Content starts

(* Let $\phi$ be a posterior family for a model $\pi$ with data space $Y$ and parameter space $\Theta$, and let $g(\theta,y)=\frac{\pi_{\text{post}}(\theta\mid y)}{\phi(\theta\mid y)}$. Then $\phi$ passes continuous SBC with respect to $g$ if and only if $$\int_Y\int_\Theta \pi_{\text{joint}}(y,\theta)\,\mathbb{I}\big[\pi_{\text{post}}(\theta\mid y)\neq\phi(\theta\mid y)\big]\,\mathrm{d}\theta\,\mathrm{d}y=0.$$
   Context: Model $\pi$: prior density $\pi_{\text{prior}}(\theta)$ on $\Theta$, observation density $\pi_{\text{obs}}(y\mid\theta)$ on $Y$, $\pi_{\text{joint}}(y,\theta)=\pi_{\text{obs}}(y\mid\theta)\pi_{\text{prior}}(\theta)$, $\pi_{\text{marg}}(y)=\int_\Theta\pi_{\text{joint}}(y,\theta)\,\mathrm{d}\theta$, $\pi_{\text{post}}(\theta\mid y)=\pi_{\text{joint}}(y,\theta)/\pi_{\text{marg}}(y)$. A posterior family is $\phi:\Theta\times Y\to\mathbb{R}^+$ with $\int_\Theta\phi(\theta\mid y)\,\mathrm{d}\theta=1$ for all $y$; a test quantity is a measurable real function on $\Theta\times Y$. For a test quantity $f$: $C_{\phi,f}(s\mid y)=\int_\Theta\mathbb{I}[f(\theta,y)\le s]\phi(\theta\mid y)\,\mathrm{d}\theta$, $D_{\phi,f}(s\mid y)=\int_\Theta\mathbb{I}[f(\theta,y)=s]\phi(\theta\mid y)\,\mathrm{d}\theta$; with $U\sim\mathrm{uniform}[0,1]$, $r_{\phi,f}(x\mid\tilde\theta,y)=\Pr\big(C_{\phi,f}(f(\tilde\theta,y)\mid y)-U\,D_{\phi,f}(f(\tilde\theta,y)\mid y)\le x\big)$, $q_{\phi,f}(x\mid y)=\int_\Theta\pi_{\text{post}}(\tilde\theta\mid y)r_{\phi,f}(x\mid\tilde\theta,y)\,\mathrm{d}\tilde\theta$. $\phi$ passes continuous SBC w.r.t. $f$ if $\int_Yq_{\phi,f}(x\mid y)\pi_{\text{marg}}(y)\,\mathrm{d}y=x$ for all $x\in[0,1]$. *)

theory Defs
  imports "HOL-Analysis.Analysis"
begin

Content ends
Content starts

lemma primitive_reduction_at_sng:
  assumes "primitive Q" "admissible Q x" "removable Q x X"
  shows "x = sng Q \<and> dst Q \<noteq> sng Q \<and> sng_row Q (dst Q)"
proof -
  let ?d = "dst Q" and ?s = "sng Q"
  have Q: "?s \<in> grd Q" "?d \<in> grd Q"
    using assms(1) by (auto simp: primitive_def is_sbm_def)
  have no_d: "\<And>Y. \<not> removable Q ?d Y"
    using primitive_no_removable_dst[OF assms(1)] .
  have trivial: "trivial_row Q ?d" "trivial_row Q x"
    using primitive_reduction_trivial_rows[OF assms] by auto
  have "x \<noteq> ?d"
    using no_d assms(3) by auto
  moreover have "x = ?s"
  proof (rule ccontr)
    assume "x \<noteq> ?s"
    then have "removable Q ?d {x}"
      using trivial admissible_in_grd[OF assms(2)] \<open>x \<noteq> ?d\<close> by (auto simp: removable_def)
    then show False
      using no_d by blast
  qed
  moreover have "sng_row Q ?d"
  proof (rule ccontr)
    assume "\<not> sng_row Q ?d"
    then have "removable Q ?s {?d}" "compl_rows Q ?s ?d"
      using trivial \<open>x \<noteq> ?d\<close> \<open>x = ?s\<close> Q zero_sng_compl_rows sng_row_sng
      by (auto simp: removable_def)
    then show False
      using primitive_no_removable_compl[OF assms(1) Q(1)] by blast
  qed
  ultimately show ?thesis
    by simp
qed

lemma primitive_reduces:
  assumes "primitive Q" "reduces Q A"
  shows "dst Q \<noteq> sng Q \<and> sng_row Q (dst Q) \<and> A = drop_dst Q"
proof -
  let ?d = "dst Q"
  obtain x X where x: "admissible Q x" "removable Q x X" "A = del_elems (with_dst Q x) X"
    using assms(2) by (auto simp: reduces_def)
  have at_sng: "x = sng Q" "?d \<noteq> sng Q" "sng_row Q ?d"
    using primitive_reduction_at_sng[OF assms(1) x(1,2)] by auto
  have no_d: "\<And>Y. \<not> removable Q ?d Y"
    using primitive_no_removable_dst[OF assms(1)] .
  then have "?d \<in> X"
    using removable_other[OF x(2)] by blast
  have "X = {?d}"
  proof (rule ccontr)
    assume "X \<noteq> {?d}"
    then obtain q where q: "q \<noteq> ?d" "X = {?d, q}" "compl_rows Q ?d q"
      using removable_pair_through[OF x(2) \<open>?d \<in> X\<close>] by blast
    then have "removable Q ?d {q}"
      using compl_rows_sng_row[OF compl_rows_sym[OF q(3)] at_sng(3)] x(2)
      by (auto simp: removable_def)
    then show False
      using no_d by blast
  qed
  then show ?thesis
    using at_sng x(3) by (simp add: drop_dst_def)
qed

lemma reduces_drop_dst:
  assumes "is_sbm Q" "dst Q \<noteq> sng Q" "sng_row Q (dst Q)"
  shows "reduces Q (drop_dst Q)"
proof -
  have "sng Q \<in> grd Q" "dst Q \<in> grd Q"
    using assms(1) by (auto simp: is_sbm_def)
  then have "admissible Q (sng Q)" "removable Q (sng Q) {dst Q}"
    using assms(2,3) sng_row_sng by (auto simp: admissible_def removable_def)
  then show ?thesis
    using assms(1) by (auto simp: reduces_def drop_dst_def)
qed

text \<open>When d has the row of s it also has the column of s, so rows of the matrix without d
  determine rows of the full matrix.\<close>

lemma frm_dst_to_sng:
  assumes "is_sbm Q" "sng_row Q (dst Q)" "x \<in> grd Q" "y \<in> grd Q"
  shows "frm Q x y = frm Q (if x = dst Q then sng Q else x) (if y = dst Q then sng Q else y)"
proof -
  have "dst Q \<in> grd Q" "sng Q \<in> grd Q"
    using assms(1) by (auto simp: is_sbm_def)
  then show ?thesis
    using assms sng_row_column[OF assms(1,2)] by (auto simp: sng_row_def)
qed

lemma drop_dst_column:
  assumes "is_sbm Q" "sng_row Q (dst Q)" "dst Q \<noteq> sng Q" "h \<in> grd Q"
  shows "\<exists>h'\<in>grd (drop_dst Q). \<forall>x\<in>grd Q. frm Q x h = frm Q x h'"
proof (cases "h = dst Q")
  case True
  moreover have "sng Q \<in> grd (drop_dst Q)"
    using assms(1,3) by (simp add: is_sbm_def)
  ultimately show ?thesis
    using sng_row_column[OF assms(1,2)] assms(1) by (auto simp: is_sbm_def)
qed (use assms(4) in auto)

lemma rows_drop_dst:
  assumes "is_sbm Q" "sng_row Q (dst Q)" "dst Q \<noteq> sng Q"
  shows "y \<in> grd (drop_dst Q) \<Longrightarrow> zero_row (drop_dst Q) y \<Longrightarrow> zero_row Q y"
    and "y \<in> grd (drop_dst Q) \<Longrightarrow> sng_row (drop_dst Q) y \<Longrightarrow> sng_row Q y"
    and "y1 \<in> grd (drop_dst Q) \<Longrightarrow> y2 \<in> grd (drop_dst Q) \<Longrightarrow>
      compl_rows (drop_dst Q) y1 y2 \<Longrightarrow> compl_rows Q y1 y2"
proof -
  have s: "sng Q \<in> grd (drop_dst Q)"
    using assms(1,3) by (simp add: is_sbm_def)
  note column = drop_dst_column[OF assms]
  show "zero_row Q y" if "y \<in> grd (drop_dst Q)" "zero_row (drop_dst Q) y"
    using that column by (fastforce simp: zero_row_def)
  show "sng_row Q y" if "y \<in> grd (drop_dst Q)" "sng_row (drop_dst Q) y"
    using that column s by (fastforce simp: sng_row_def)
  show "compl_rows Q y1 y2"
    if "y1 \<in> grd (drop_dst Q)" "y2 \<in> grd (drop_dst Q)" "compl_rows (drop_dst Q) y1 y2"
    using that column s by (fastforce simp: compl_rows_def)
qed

Content ends
Content starts

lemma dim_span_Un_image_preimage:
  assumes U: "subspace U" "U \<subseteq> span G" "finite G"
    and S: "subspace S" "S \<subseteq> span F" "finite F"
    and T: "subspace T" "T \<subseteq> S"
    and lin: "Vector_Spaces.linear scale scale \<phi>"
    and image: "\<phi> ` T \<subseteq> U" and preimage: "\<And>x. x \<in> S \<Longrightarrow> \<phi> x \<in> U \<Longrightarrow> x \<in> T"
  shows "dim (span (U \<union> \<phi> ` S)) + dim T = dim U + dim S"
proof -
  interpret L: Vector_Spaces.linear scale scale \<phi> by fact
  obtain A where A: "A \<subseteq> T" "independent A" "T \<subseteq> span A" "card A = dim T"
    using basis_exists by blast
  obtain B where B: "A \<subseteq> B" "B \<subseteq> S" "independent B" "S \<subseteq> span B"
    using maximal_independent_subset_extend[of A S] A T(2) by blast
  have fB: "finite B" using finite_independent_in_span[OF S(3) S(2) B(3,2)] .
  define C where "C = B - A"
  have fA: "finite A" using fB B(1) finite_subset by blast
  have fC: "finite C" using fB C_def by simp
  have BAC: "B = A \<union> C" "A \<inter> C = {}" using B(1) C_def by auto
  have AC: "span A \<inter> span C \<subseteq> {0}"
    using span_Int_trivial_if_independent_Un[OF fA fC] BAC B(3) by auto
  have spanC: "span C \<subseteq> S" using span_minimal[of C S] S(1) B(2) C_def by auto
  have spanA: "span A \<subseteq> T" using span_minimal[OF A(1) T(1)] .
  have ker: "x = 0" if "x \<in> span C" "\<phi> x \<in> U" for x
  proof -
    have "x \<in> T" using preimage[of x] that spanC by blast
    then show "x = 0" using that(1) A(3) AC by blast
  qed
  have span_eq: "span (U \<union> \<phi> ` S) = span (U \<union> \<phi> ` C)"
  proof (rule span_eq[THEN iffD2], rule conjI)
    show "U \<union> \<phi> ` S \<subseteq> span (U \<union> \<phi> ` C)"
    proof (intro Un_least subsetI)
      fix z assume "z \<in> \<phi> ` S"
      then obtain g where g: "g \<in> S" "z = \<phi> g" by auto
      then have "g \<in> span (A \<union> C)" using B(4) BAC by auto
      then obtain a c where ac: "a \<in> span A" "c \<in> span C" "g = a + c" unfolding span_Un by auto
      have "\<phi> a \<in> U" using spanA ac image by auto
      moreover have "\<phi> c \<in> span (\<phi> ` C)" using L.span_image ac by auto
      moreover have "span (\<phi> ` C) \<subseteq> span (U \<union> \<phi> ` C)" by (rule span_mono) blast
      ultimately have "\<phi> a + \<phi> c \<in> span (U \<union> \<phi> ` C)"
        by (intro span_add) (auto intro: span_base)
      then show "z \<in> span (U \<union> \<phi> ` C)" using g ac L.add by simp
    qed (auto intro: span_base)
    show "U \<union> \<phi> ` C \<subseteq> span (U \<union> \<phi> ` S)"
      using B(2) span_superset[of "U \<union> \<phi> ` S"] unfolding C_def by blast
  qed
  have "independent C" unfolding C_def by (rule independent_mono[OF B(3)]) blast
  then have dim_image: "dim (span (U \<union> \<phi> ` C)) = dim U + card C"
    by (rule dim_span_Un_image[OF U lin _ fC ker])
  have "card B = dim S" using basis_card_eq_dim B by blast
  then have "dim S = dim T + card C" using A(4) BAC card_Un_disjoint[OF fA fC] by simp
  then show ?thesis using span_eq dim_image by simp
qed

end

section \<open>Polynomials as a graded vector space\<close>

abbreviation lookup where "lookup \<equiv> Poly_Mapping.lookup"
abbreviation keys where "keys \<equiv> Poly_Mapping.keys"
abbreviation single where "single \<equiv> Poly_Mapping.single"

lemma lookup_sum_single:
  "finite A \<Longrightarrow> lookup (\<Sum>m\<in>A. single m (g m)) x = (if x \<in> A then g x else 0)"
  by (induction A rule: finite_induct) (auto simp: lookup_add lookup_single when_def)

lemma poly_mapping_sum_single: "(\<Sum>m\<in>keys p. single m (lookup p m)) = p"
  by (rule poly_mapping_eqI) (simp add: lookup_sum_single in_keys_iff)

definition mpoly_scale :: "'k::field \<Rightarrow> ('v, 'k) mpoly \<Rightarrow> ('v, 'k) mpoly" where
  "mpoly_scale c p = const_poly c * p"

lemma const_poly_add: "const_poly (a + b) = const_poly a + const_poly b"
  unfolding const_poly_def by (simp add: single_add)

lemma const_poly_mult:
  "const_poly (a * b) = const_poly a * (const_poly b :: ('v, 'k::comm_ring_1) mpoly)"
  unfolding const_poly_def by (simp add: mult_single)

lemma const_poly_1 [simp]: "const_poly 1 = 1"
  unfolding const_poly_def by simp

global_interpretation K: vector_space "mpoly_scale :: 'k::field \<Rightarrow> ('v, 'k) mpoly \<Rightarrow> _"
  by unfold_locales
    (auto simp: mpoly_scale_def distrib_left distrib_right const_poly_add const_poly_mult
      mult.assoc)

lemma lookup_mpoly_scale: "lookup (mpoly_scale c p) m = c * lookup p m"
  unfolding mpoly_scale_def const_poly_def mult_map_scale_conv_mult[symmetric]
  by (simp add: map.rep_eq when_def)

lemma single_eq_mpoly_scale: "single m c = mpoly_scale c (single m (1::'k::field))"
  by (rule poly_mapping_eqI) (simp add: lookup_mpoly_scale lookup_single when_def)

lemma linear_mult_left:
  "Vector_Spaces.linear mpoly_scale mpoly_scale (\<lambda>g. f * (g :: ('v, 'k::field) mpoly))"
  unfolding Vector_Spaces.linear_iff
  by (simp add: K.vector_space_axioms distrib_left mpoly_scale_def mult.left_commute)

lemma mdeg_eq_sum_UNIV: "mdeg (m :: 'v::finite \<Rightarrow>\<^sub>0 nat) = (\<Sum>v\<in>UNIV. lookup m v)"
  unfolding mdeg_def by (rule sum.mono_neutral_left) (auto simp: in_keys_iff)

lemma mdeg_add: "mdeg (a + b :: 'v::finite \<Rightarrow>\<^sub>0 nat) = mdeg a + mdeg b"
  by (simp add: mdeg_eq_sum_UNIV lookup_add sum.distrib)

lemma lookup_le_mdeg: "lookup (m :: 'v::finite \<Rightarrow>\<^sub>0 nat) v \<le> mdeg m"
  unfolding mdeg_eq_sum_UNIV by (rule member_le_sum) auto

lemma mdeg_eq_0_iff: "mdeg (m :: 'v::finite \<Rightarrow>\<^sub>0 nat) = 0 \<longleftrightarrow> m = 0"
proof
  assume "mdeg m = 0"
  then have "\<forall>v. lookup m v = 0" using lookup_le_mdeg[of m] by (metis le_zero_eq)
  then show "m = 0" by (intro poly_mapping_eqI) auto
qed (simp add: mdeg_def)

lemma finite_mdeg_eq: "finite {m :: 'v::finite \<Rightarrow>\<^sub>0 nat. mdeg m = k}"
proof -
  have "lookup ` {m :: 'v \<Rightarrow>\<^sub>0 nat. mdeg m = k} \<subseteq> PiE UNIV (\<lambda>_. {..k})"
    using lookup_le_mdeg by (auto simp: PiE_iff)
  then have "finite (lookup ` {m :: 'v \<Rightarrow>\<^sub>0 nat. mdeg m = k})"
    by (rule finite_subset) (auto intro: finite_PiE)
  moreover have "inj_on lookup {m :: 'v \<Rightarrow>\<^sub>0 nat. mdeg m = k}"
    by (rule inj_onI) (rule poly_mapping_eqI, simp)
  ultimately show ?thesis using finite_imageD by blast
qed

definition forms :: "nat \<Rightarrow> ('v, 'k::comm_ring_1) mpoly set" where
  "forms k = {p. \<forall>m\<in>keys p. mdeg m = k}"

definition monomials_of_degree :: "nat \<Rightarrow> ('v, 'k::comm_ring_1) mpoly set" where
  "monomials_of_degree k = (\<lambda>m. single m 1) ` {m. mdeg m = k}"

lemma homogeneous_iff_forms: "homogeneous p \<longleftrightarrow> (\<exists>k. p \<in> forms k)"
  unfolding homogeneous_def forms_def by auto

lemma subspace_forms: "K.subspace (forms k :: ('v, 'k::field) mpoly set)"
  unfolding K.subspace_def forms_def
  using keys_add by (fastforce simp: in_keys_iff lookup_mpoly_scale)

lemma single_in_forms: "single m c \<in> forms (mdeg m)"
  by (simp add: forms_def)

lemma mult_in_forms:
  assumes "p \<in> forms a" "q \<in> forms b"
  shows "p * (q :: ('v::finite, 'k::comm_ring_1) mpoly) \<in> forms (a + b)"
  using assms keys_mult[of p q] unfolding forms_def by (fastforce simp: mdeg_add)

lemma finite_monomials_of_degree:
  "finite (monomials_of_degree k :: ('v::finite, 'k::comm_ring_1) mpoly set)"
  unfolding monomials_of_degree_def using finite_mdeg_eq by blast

Content ends

▶ [What you are asked to do] In the entries above, find every line with the word "that" and list it.

▶ [Output]
    using that column by (fastforce simp: zero_row_def)
    using that column s by (fastforce simp: sng_row_def)
    using that column s by (fastforce simp: compl_rows_def)
    have "x \<in> T" using preimage[of x] that spanC by blast
    then show "x = 0" using that(1) A(3) AC by blast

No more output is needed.